The MBCT group provides intensive training in mindfulness meditation as a vehicle to enhance people’s self awareness of automatic thoughts and feelings. It is by developing greater awareness of automatic thoughts and feelings – particularly when under duress – that people learn to step out of unhelpful ways of reacting that contribute to depression/anxiety/unnecessary stress. They also learn to be able to direct their attention more purposefully to gain a greater appreciation of the present moment.
The group is not a support group – people talk very little about themselves or their past experiences – rather it provides training and support to meditate and an introduction to other mindfulness skills. The group environment provides an opportunity for people to learn that they are not alone in the challenges that they face and greatly increases the likelihood that people will continue in their practice – especially when it becomes frustrating, boring or otherwise difficult.
We practice extended meditations in the group and the facilitator provides a safe environment to explore people’s experiences in these meditations. Meditation is taught in a seated posture but people are free to stand up, kneel, lay down (space permitting) or otherwise adjust their posture if this becomes uncomfortable.
This is a small group with numbers capped at 10 people – this smaller number provides opportunity for optimal therapist input. It is expected that participants commit to attending each of the 8 sessions to get the most from the group. Not attending means that you will not be able to claim the Medicare or PHF rebate for that particular individual session. Medicare has also ruled that no one is able to claim a rebate if numbers drop below 6 in any individual group session.

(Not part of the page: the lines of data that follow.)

lemma integrable_gauss_mono: "integrable lborel (gauss_mono m n a b)"
proof (rule Bochner_Integration.integrable_bound)
  define C where "C = fact (m + n) * exp ((cmod a + cmod b + 1)\<^sup>2 / 2)"
  show "integrable lborel (\<lambda>w. C * exp (- (cmod w)\<^sup>2 / 2))"
    by (intro integrable_mult_right integrable_exp_neg_cmod_sq_half)
  show "AE w in lborel. norm (gauss_mono m n a b w) \<le> norm (C * exp (- (cmod w)\<^sup>2 / 2))"
    using norm_gauss_mono_le by (intro AE_I2) (simp add: C_def abs_mult)
  show "gauss_mono m n a b \<in> borel_measurable lborel"
    using continuous_on_gauss_mono by (simp add: borel_measurable_continuous_onI)
qed

lemma tendsto_gauss_mono_at_infinity: "(gauss_mono m n a b \<longlongrightarrow> 0) at_infinity"
proof (rule Lim_null_comparison)
  define C where "C = fact (m + n) * exp ((cmod a + cmod b + 1)\<^sup>2 / 2)"
  show "\<forall>\<^sub>F w in at_infinity. norm (gauss_mono m n a b w) \<le> C * exp (- (cmod w)\<^sup>2 / 2)"
    unfolding C_def by (intro always_eventually allI norm_gauss_mono_le)
  have "((\<lambda>r::real. C * exp (- r\<^sup>2 / 2)) \<longlongrightarrow> 0) at_top"
    by real_asymp
  then show "((\<lambda>w. C * exp (- (cmod w)\<^sup>2 / 2)) \<longlongrightarrow> 0) at_infinity"
    by (rule filterlim_compose) (rule filterlim_at_infinity_imp_norm_at_top[OF filterlim_ident])
qed

lemma gauss_mono_has_vector_derivative:
  fixes z d :: complex and t :: real
  defines "w \<equiv> z + of_real t * d"
  shows "((\<lambda>s. gauss_mono 0 p a b (z + of_real s * d)) has_vector_derivative
           (d * (cnj a - cnj w) * cnj w ^ p
            + cnj d * (of_nat p * cnj w ^ (p - 1) + (b - w) * cnj w ^ p)) * gauss_exp a b w) (at t)"
proof -
  \<comment> \<open>a holomorphic extension of the real restriction, with w and conj w treated as independent\<close>
  define \<Phi> where "\<Phi> u = (cnj z + u * cnj d) ^ p
      * exp ((z + u * d) * cnj a + b * (cnj z + u * cnj d) - (z + u * d) * (cnj z + u * cnj d))" for u
  have "(\<Phi> has_field_derivative
      (d * (cnj a - cnj w) * cnj w ^ p
       + cnj d * (of_nat p * cnj w ^ (p - 1) + (b - w) * cnj w ^ p)) * gauss_exp a b w) (at (of_real t))"
    unfolding \<Phi>_def[abs_def]
    by (rule derivative_eq_intros refl | simp)+ (simp add: w_def gauss_exp_def algebra_simps)
  moreover have "\<Phi> (of_real s) = gauss_mono 0 p a b (z + of_real s * d)" for s
    by (simp add: \<Phi>_def gauss_mono_def gauss_exp_def)
  ultimately show ?thesis
    using has_vector_derivative_real_field by fastforce
qed

lemma integral_gauss_mono_Suc:
  "integral\<^sup>L lborel (gauss_mono 0 (Suc p) a b) = cnj a * integral\<^sup>L lborel (gauss_mono 0 p a b)"
proof -
  \<comment> \<open>U and V are the Wirtinger derivatives d/dw and d/d(conj w) of conj(w)^p * gauss_exp a b w,
    so its derivatives in x and y are U + V and i (U - V)\<close>
  define U where "U w = (cnj a - cnj w) * cnj w ^ p * gauss_exp a b w" for w
  define V where "V w = (of_nat p * cnj w ^ (p - 1) + (b - w) * cnj w ^ p) * gauss_exp a b w" for w
  have U_eq: "U = (\<lambda>w. cnj a * gauss_mono 0 p a b w - gauss_mono 0 (Suc p) a b w)"
    by (simp add: fun_eq_iff U_def gauss_mono_def algebra_simps)
  have V_eq: "V = (\<lambda>w. of_nat p * gauss_mono 0 (p - 1) a b w + b * gauss_mono 0 p a b w
      - gauss_mono 1 p a b w)"
    by (simp add: fun_eq_iff V_def gauss_mono_def algebra_simps)
  have int: "integrable lborel U" "integrable lborel V"
    unfolding U_eq V_eq
    by (auto intro!: integrable_gauss_mono Bochner_Integration.integrable_diff
        Bochner_Integration.integrable_add Bochner_Integration.integrable_mult_right)
  have cont: "continuous_on UNIV U" "continuous_on UNIV V"
    unfolding U_def[abs_def] V_def[abs_def] gauss_exp_def by (intro continuous_intros)+
  have "integral\<^sup>L lborel (\<lambda>w. U w + V w) = 0"
  proof (rule integral_complex_partial_x_eq_0[where F = "gauss_mono 0 p a b"])
    fix x y :: real
    have "Complex x' y = \<i> * of_real y + of_real x' * 1" for x'
      by (simp add: complex_eq_iff)
    then show "((\<lambda>x. gauss_mono 0 p a b (Complex x y))
        has_vector_derivative U (Complex x y) + V (Complex x y)) (at x)"
      by (simp only:) (rule has_vector_derivative_eq_rhs[OF gauss_mono_has_vector_derivative],
          simp add: U_def V_def algebra_simps)
  qed (use cont int in \<open>auto intro: continuous_on_add tendsto_gauss_mono_at_infinity\<close>)
  moreover have "integral\<^sup>L lborel (\<lambda>w. \<i> * U w - \<i> * V w) = 0"
  proof (rule integral_complex_partial_y_eq_0[where F = "gauss_mono 0 p a b"])
    fix x y :: real
    have "Complex x y' = of_real x + of_real y' * \<i>" for y'
      by (simp add: complex_eq_iff)
    then show "((\<lambda>y. gauss_mono 0 p a b (Complex x y))
        has_vector_derivative \<i> * U (Complex x y) - \<i> * V (Complex x y)) (at y)"
      by (simp only:) (rule has_vector_derivative_eq_rhs[OF gauss_mono_has_vector_derivative],
          simp add: U_def V_def algebra_simps)
  qed (use cont int in
      \<open>auto intro: continuous_on_diff continuous_on_mult_left tendsto_gauss_mono_at_infinity\<close>)
  ultimately have "integral\<^sup>L lborel U = 0"
    using int by (simp add: integral_add integral_diff right_diff_distrib[symmetric] add_eq_0_iff)
  then show ?thesis
    unfolding U_eq using integrable_gauss_mono by (simp add: integral_diff)
qed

As well as meditating during the sessions, participants are also required to practice meditation for 35 to 40 minutes each day for the duration of the 8 weeks. If they do not commit to the practice it is unlikely they will gain maximum benefit from the group and we would prefer to keep the small number of available spaces for people who can make this commitment.
There is evidence that MBCT can be harmful for people who are currently (or who have previously experienced) psychosis, have severe or unstable depression (and in particular if they have current suicidal thinking) or who have a brain injury that impacts their self awareness. It is also unlikely to be helpful for people who are extremely avoidant and/or who have very poorly developed ways of coping with difficult thoughts/feelings eg. people with borderline personality disorder and people with alcohol or other drug dependence. This is not to say these people will not benefit from mindfulness, however it is safer and more effective if this is provided one on one in therapy (rather than in a group setting where responses cannot be intensively monitored).